Future Now
The IFTF Blog
Wanted: Adaptive Encouragement
It’s that time of year again. The global holiday of January 1, and with it, the annual ritual of self-improvement: setting New Year’s resolutions. It’s a time when we’re called on to reflect on our lives and the behaviors we might want to change—and bombarded with ideas on how to do so. It’s the time of year that makes me crave the realization of one of our Science and Technology forecasts: Adaptive Encouragement.
Adaptive encouragement: From self-quantifiers to life doulas
Imagine a digital advisor that interprets your raw health data and offers continuous support along with interactive data visualization and recommendations for changing—and maintaining—daily routines or medications.
Embodied in intelligent programs, mobile devices, and the cloud, a life doula (like a birth doula) will remind us of our goals in moments of weakness. It will offer suggestions and encouragement in context to help us make healthy choices.
This kind of adaptive, personalized support will improve chronic illness management with automated diet tracking, in-home blood marker monitoring, and realtime analysis of genetic, metabolic, and protein data.
A quasi-intelligent automated system that takes the heavy lifting out of learning about your habits and changing them?
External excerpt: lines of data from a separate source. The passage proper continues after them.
lemma sum_gmu_submultisets:
  "(\<Sum>h\<in>{h. h \<subseteq># g \<and> (\<forall>P\<in>#h. r P)}. real_of_int (gmu h))
     = (if \<forall>P\<in>#g. \<not> r P then 1 else 0)"
proof -
  define D where "D = {h. h \<subseteq># g \<and> (\<forall>P\<in>#h. r P)}"
  define A where "A = {P. P \<in># g \<and> r P}"
  have finD: "finite D" unfolding D_def by (rule finite_subset[OF _ finite_submultisets]) auto
  have finA: "finite A" unfolding A_def by (rule finite_subset[of _ "set_mset g"]) auto
  have squarefree_in_D: "mset_set ` Pow A \<subseteq> D"
  proof
    fix h assume "h \<in> mset_set ` Pow A"
    then obtain X where X: "X \<subseteq> A" "h = mset_set X" by auto
    have "finite X" using X finA finite_subset by blast
    then have "h \<subseteq># g"
      unfolding X(2) by (intro mset_subset_eqI) (use X in \<open>auto simp: count_mset_set' A_def Suc_le_eq\<close>)
    then show "h \<in> D" using X \<open>finite X\<close> by (auto simp: D_def A_def)
  qed
  have gmu_vanishes: "real_of_int (gmu h) = 0" if "h \<in> D - mset_set ` Pow A" for h
  proof (rule ccontr)
    assume "real_of_int (gmu h) \<noteq> 0"
    then have "\<forall>P. count h P \<le> 1" by (auto simp: gmu_def split: if_splits)
    moreover have "set_mset h \<subseteq> A" using that by (auto simp: D_def A_def dest: mset_subset_eqD)
    ultimately have "h \<in> mset_set ` Pow A"
      using mset_set_set_mset_eq[of h] by (intro image_eqI[of h _ "set_mset h"]) auto
    with that show False by blast
  qed
  have "(\<Sum>h\<in>D. real_of_int (gmu h)) = (\<Sum>h\<in>mset_set ` Pow A. real_of_int (gmu h))"
    using finD squarefree_in_D gmu_vanishes by (intro sum.mono_neutral_right) auto
  also have "\<dots> = (\<Sum>X\<in>Pow A. real_of_int (gmu (mset_set X)))"
    by (rule sum.reindex[unfolded comp_def], rule inj_onI)
       (metis PowD finA finite_subset finite_set_mset_mset_set)
  also have "\<dots> = (\<Sum>X\<in>Pow A. (-1) ^ card X * (\<Prod>x\<in>X. (1::real)) * (\<Prod>x\<in>A-X. 1))"
    by (rule sum.cong) (auto simp: gmu_mset_set finite_subset[OF _ finA])
  also have "\<dots> = (\<Prod>x\<in>A. (1::real) - 1)"
    by (rule prod_diff_conv_sum[symmetric]) (rule finA)
  also have "\<dots> = (if A = {} then 1 else 0)" using finA by auto
  also have "A = {} \<longleftrightarrow> (\<forall>P\<in>#g. \<not> r P)" by (auto simp: A_def)
  finally show ?thesis by (simp add: D_def)
qed

lemma sum_power_diff_le:
  fixes \<rho> :: real
  assumes "0 < \<rho>" "\<rho> < 1"
  shows "(\<Sum>j\<le>n. \<rho> ^ (n - j)) \<le> 1 / (1 - \<rho>)"
proof -
  have "(\<Sum>j\<le>n. \<rho> ^ (n - j)) = (\<Sum>j\<le>n. \<rho> ^ j)"
    using sum.atLeastAtMost_rev[of "\<lambda>j. \<rho> ^ j" 0 n] by (simp add: atLeast0AtMost)
  also have "\<dots> < 1 / (1 - \<rho>)" using assms by (intro geometric_sum_less) auto
  finally show ?thesis by simp
qed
Sold!
This vision is part of a future when roles like life coaching are automated and extended through ever-present technology. It also points to the possibilities of adapting care systems to optimize the well-being of people with chronic ailments: rather than a slap on the wrist at the doctor’s office, you get a gentle vibration to get you out of your chair and moving. Haptic feedback and sensitivity, emotional support and peer interactions are the future of this softer side of mobile health, beyond the expert-fed prescriptive reminders. This is a future of gentle nudges to show us the actions that will help us increase our capacity for well-being, but also remind us to do nothing when that’s what's really best for us.
Our colleague Alex Charmichael over at the Quantified Self wrote this forecast, and I’ve heard it echoed in the desires of my of the quantified selves I’ve been interviewing for our project for the RWJF building and refining the QS Guide to Self-tracking Tools. For those of us who generally only embark on self-improvement binges once a year, there are a lot of lessons and tools we can learn from both the continuous and episodic efforts of the QSers. One tool I learned about in interviews that might be of particular interest to New-Years Resolvers is Health Month—a game that helps you focus on making progress towards your goals on a daily basis. (The game starts promptly on the first of each month, so start on Jan 1st to get credit for your progress!)
Most importantly though, one of the key lessons I’ve heard that’s especially crucial for new years resolutions is self-compassion in all your self-tracking and self-improvement efforts. Shame and frustration at little slip ups can do a lot of harm—so this year, try staying future-focused and forgiving.